(Stored items from a collection)
☆ ☆ ☆ ☆ ☆ ☆ ☆
(* (Setting as in the context.) Let $\tau>0$ and let $\{(u^k,y^k,v^k,z^k,x^k)\}$ be generated by Algorithm SCB-SPADMM. Then for every $k\ge0$, $(u^{k+1},y^{k+1},v^{k+1},z^{k+1},x^{k+1})$ can be generated exactly by $$(u^{k+1},y^{k+1})=\operatorname{argmin}_{u,y}\ \mathcal L_\sigma(u,y,v^k,z^k;x^k)+\tfrac\sigma2\|(u,y_{\le p-1})-(u^k,y^k_{\le p-1})\|^2_{\widehat{\mathcal T}_{f_p}}+\tfrac\sigma2\|y_p-y_p^k\|^2_{\mathcal T_{\theta_p}},$$ $$(v^{k+1},z^{k+1})=\operatorname{argmin}_{v,z}\ \mathcal L_\sigma(u^{k+1},y^{k+1},v,z;x^k)+\tfrac\sigma2\|(v,z_{\le q-1})-(v^k,z^k_{\le q-1})\|^2_{\widehat{\mathcal T}_{g_q}}+\tfrac\sigma2\|z_q-z_q^k\|^2_{\mathcal T_{\varphi_q}},$$ $$x^{k+1}=x^k+\tau\sigma(\mathcal F^*u^{k+1}+\mathcal A^*y^{k+1}+\mathcal G^*v^{k+1}+\mathcal B^*z^{k+1}-c).$$
   Context: Let $p,q\ge1$ be integers, $\mathcal U,\mathcal V,\mathcal X,\mathcal Y_i,\mathcal Z_j$ real finite-dimensional Euclidean spaces, $\mathcal Y=\prod_i\mathcal Y_i$, $\mathcal Z=\prod_j\mathcal Z_j$; $f,g$ closed proper convex on $\mathcal U,\mathcal V$; $\mathcal F:\mathcal X\to\mathcal U$, $\mathcal G:\mathcal X\to\mathcal V$, $\mathcal A_i:\mathcal X\to\mathcal Y_i$, $\mathcal B_j:\mathcal X\to\mathcal Z_j$ linear; $c\in\mathcal X$; $\theta_i(y_i)=\frac12\langle y_i,\mathcal P_iy_i\rangle-\langle b_i,y_i\rangle$, $\varphi_j(z_j)=\frac12\langle z_j,\mathcal Q_jz_j\rangle-\langle d_j,z_j\rangle$ with $\mathcal P_i,\mathcal Q_j$ self-adjoint positive semidefinite. $\mathcal A^*y=\sum_i\mathcal A_i^*y_i$, $\mathcal B^*z=\sum_j\mathcal B_j^*z_j$, $\Gamma(u,y,v,z)=\mathcal F^*u+\mathcal A^*y+\mathcal G^*v+\mathcal B^*z-c$, $\sigma>0$, $\mathcal L_\sigma(u,y,v,z;x)=f(u)+\sum\theta_i(y_i)+g(v)+\sum\varphi_j(z_j)+\langle x,\Gamma\rangle+\frac\sigma2\|\Gamma\|^2$. $\mathcal E_{\theta_i}\succ0$ self-adjoint with $\mathcal E_{\theta_i}\succeq\sigma^{-1}\mathcal P_i+\mathcal A_i\mathcal A_i^*$, $\mathcal T_{\theta_i}:=\mathcal E_{\theta_i}-\sigma^{-1}\mathcal P_i-\mathcal A_i\mathcal A_i^*$; $\mathcal E_{\varphi_j}\succ0$ self-adjoint with $\mathcal E_{\varphi_j}\succeq\sigma^{-1}\mathcal Q_j+\mathcal B_j\mathcal B_j^*$, $\mathcal T_{\varphi_j}:=\mathcal E_{\varphi_j}-\sigma^{-1}\mathcal Q_j-\mathcal B_j\mathcal B_j^*$. $\mathcal T_f,\mathcal T_g$ self-adjoint positive semidefinite on $\mathcal U,\mathcal V$. Notation $y_{\le i},y_{\ge i},z_{\le j},z_{\ge j}$ for sub-tuples (empty if out of range), $\|w\|^2_{\mathcal T}=\langle w,\mathcal Tw\rangle$. $\mathcal F_1:=\mathcal F$, $\mathcal F_{i+1}x:=(\mathcal Fx,\mathcal A_1x,\dots,\mathcal A_ix)$; $\widehat{\mathcal T}_{f_1}:=\mathcal T_f+\mathcal F_1\mathcal A_1^*\mathcal E_{\theta_1}^{-1}\mathcal A_1\mathcal F_1^*$, $\widehat{\mathcal T}_{f_i}:=\mathrm{diag}(\widehat{\mathcal T}_{f_{i-1}},\mathcal T_{\theta_{i-1}})+\mathcal F_i\mathcal A_i^*\mathcal E_{\theta_i}^{-1}\mathcal A_i\mathcal F_i^*$ ($i=2,\dots,p$). Analogously $\mathcal G_1:=\mathcal G$, $\mathcal G_{j+1}x:=(\mathcal Gx,\mathcal B_1x,\dots,\mathcal B_jx)$; $\widehat{\mathcal T}_{g_1}:=\mathcal T_g+\mathcal G_1\mathcal B_1^*\mathcal E_{\varphi_1}^{-1}\mathcal B_1\mathcal G_1^*$, $\widehat{\mathcal T}_{g_j}:=\mathrm{diag}(\widehat{\mathcal T}_{g_{j-1}},\mathcal T_{\varphi_{j-1}})+\mathcal G_j\mathcal B_j^*\mathcal E_{\varphi_j}^{-1}\mathcal B_j\mathcal G_j^*$ ($j=2,\dots,q$). Algorithm SCB-SPADMM: choose $(u^0,y^0,v^0,z^0,x^0)\in\mathrm{dom}f\times\mathcal Y\times\mathrm{dom}g\times\mathcal Z\times\mathcal X$; for $k=0,1,\dots$: (1) for $i=p,\dots,1$, $\bar y_i^k=\operatorname{argmin}_{y_i}\mathcal L_\sigma(u^k,(y^k_{\le i-1},y_i,\bar y^k_{\ge i+1}),v^k,z^k;x^k)+\frac\sigma2\|y_i-y_i^k\|^2_{\mathcal T_{\theta_i}}$, then $u^{k+1}=\operatorname{argmin}_u\mathcal L_\sigma(u,\bar y^k,v^k,z^k;x^k)+\frac\sigma2\|u-u^k\|^2_{\mathcal T_f}$; (2) for $i=1,\dots,p$, $y_i^{k+1}=\operatorname{argmin}_{y_i}\mathcal L_\sigma(u^{k+1},(y^{k+1}_{\le i-1},y_i,\bar y^k_{\ge i+1}),v^k,z^k;x^k)+\frac\sigma2\|y_i-y_i^k\|^2_{\mathcal T_{\theta_i}}$; (3) for $j=q,\dots,1$, $\bar z_j^k=\operatorname{argmin}_{z_j}\mathcal L_\sigma(u^{k+1},y^{k+1},v^k,(z^k_{\le j-1},z_j,\bar z^k_{\ge j+1});x^k)+\frac\sigma2\|z_j-z_j^k\|^2_{\mathcal T_{\varphi_j}}$, then $v^{k+1}=\operatorname{argmin}_v\mathcal L_\sigma(u^{k+1},y^{k+1},v,\bar z^k;x^k)+\frac\sigma2\|v-v^k\|^2_{\mathcal T_g}$; (4) for $j=1,\dots,q$, $z_j^{k+1}=\operatorname{argmin}_{z_j}\mathcal L_\sigma(u^{k+1},y^{k+1},v^{k+1},(z^{k+1}_{\le j-1},z_j,\bar z^k_{\ge j+1});x^k)+\frac\sigma2\|z_j-z_j^k\|^2_{\mathcal T_{\varphi_j}}$; (5) $x^{k+1}=x^k+\tau\sigma(\mathcal F^*u^{k+1}+\mathcal A^*y^{k+1}+\mathcal G^*v^{k+1}+\mathcal B^*z^{k+1}-c)$. *)

theory Defs
  imports "HOL-Analysis.Analysis"
begin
☆ ☆ ☆ ☆ ☆ ☆ ☆
**Problem to solve:** Transcribe each line of the data exactly, skipping none.

**Written response:**
(* (Setting as in the context.) Let $\tau>0$ and let $\{(u^k,y^k,v^k,z^k,x^k)\}$ be generated by Algorithm SCB-SPADMM. Then for every $k\ge0$, $(u^{k+1},y^{k+1},v^{k+1},z^{k+1},x^{k+1})$ can be generated exactly by $$(u^{k+1},y^{k+1})=\operatorname{argmin}_{u,y}\ \mathcal L_\sigma(u,y,v^k,z^k;x^k)+\tfrac\sigma2\|(u,y_{\le p-1})-(u^k,y^k_{\le p-1})\|^2_{\widehat{\mathcal T}_{f_p}}+\tfrac\sigma2\|y_p-y_p^k\|^2_{\mathcal T_{\theta_p}},$$ $$(v^{k+1},z^{k+1})=\operatorname{argmin}_{v,z}\ \mathcal L_\sigma(u^{k+1},y^{k+1},v,z;x^k)+\tfrac\sigma2\|(v,z_{\le q-1})-(v^k,z^k_{\le q-1})\|^2_{\widehat{\mathcal T}_{g_q}}+\tfrac\sigma2\|z_q-z_q^k\|^2_{\mathcal T_{\varphi_q}},$$ $$x^{k+1}=x^k+\tau\sigma(\mathcal F^*u^{k+1}+\mathcal A^*y^{k+1}+\mathcal G^*v^{k+1}+\mathcal B^*z^{k+1}-c).$$
   Context: Let $p,q\ge1$ be integers, $\mathcal U,\mathcal V,\mathcal X,\mathcal Y_i,\mathcal Z_j$ real finite-dimensional Euclidean spaces, $\mathcal Y=\prod_i\mathcal Y_i$, $\mathcal Z=\prod_j\mathcal Z_j$; $f,g$ closed proper convex on $\mathcal U,\mathcal V$; $\mathcal F:\mathcal X\to\mathcal U$, $\mathcal G:\mathcal X\to\mathcal V$, $\mathcal A_i:\mathcal X\to\mathcal Y_i$, $\mathcal B_j:\mathcal X\to\mathcal Z_j$ linear; $c\in\mathcal X$; $\theta_i(y_i)=\frac12\langle y_i,\mathcal P_iy_i\rangle-\langle b_i,y_i\rangle$, $\varphi_j(z_j)=\frac12\langle z_j,\mathcal Q_jz_j\rangle-\langle d_j,z_j\rangle$ with $\mathcal P_i,\mathcal Q_j$ self-adjoint positive semidefinite. $\mathcal A^*y=\sum_i\mathcal A_i^*y_i$, $\mathcal B^*z=\sum_j\mathcal B_j^*z_j$, $\Gamma(u,y,v,z)=\mathcal F^*u+\mathcal A^*y+\mathcal G^*v+\mathcal B^*z-c$, $\sigma>0$, $\mathcal L_\sigma(u,y,v,z;x)=f(u)+\sum\theta_i(y_i)+g(v)+\sum\varphi_j(z_j)+\langle x,\Gamma\rangle+\frac\sigma2\|\Gamma\|^2$. $\mathcal E_{\theta_i}\succ0$ self-adjoint with $\mathcal E_{\theta_i}\succeq\sigma^{-1}\mathcal P_i+\mathcal A_i\mathcal A_i^*$, $\mathcal T_{\theta_i}:=\mathcal E_{\theta_i}-\sigma^{-1}\mathcal P_i-\mathcal A_i\mathcal A_i^*$; $\mathcal E_{\varphi_j}\succ0$ self-adjoint with $\mathcal E_{\varphi_j}\succeq\sigma^{-1}\mathcal Q_j+\mathcal B_j\mathcal B_j^*$, $\mathcal T_{\varphi_j}:=\mathcal E_{\varphi_j}-\sigma^{-1}\mathcal Q_j-\mathcal B_j\mathcal B_j^*$. $\mathcal T_f,\mathcal T_g$ self-adjoint positive semidefinite on $\mathcal U,\mathcal V$. Notation $y_{\le i},y_{\ge i},z_{\le j},z_{\ge j}$ for sub-tuples (empty if out of range), $\|w\|^2_{\mathcal T}=\langle w,\mathcal Tw\rangle$. $\mathcal F_1:=\mathcal F$, $\mathcal F_{i+1}x:=(\mathcal Fx,\mathcal A_1x,\dots,\mathcal A_ix)$; $\widehat{\mathcal T}_{f_1}:=\mathcal T_f+\mathcal F_1\mathcal A_1^*\mathcal E_{\theta_1}^{-1}\mathcal A_1\mathcal F_1^*$, $\widehat{\mathcal T}_{f_i}:=\mathrm{diag}(\widehat{\mathcal T}_{f_{i-1}},\mathcal T_{\theta_{i-1}})+\mathcal F_i\mathcal A_i^*\mathcal E_{\theta_i}^{-1}\mathcal A_i\mathcal F_i^*$ ($i=2,\dots,p$). Analogously $\mathcal G_1:=\mathcal G$, $\mathcal G_{j+1}x:=(\mathcal Gx,\mathcal B_1x,\dots,\mathcal B_jx)$; $\widehat{\mathcal T}_{g_1}:=\mathcal T_g+\mathcal G_1\mathcal B_1^*\mathcal E_{\varphi_1}^{-1}\mathcal B_1\mathcal G_1^*$, $\widehat{\mathcal T}_{g_j}:=\mathrm{diag}(\widehat{\mathcal T}_{g_{j-1}},\mathcal T_{\varphi_{j-1}})+\mathcal G_j\mathcal B_j^*\mathcal E_{\varphi_j}^{-1}\mathcal B_j\mathcal G_j^*$ ($j=2,\dots,q$). Algorithm SCB-SPADMM: choose $(u^0,y^0,v^0,z^0,x^0)\in\mathrm{dom}f\times\mathcal Y\times\mathrm{dom}g\times\mathcal Z\times\mathcal X$; for $k=0,1,\dots$: (1) for $i=p,\dots,1$, $\bar y_i^k=\operatorname{argmin}_{y_i}\mathcal L_\sigma(u^k,(y^k_{\le i-1},y_i,\bar y^k_{\ge i+1}),v^k,z^k;x^k)+\frac\sigma2\|y_i-y_i^k\|^2_{\mathcal T_{\theta_i}}$, then $u^{k+1}=\operatorname{argmin}_u\mathcal L_\sigma(u,\bar y^k,v^k,z^k;x^k)+\frac\sigma2\|u-u^k\|^2_{\mathcal T_f}$; (2) for $i=1,\dots,p$, $y_i^{k+1}=\operatorname{argmin}_{y_i}\mathcal L_\sigma(u^{k+1},(y^{k+1}_{\le i-1},y_i,\bar y^k_{\ge i+1}),v^k,z^k;x^k)+\frac\sigma2\|y_i-y_i^k\|^2_{\mathcal T_{\theta_i}}$; (3) for $j=q,\dots,1$, $\bar z_j^k=\operatorname{argmin}_{z_j}\mathcal L_\sigma(u^{k+1},y^{k+1},v^k,(z^k_{\le j-1},z_j,\bar z^k_{\ge j+1});x^k)+\frac\sigma2\|z_j-z_j^k\|^2_{\mathcal T_{\varphi_j}}$, then $v^{k+1}=\operatorname{argmin}_v\mathcal L_\sigma(u^{k+1},y^{k+1},v,\bar z^k;x^k)+\frac\sigma2\|v-v^k\|^2_{\mathcal T_g}$; (4) for $j=1,\dots,q$, $z_j^{k+1}=\operatorname{argmin}_{z_j}\mathcal L_\sigma(u^{k+1},y^{k+1},v^{k+1},(z^{k+1}_{\le j-1},z_j,\bar z^k_{\ge j+1});x^k)+\frac\sigma2\|z_j-z_j^k\|^2_{\mathcal T_{\varphi_j}}$; (5) $x^{k+1}=x^k+\tau\sigma(\mathcal F^*u^{k+1}+\mathcal A^*y^{k+1}+\mathcal G^*v^{k+1}+\mathcal B^*z^{k+1}-c)$. *)

theory Defs
  imports "HOL-Analysis.Analysis"
begin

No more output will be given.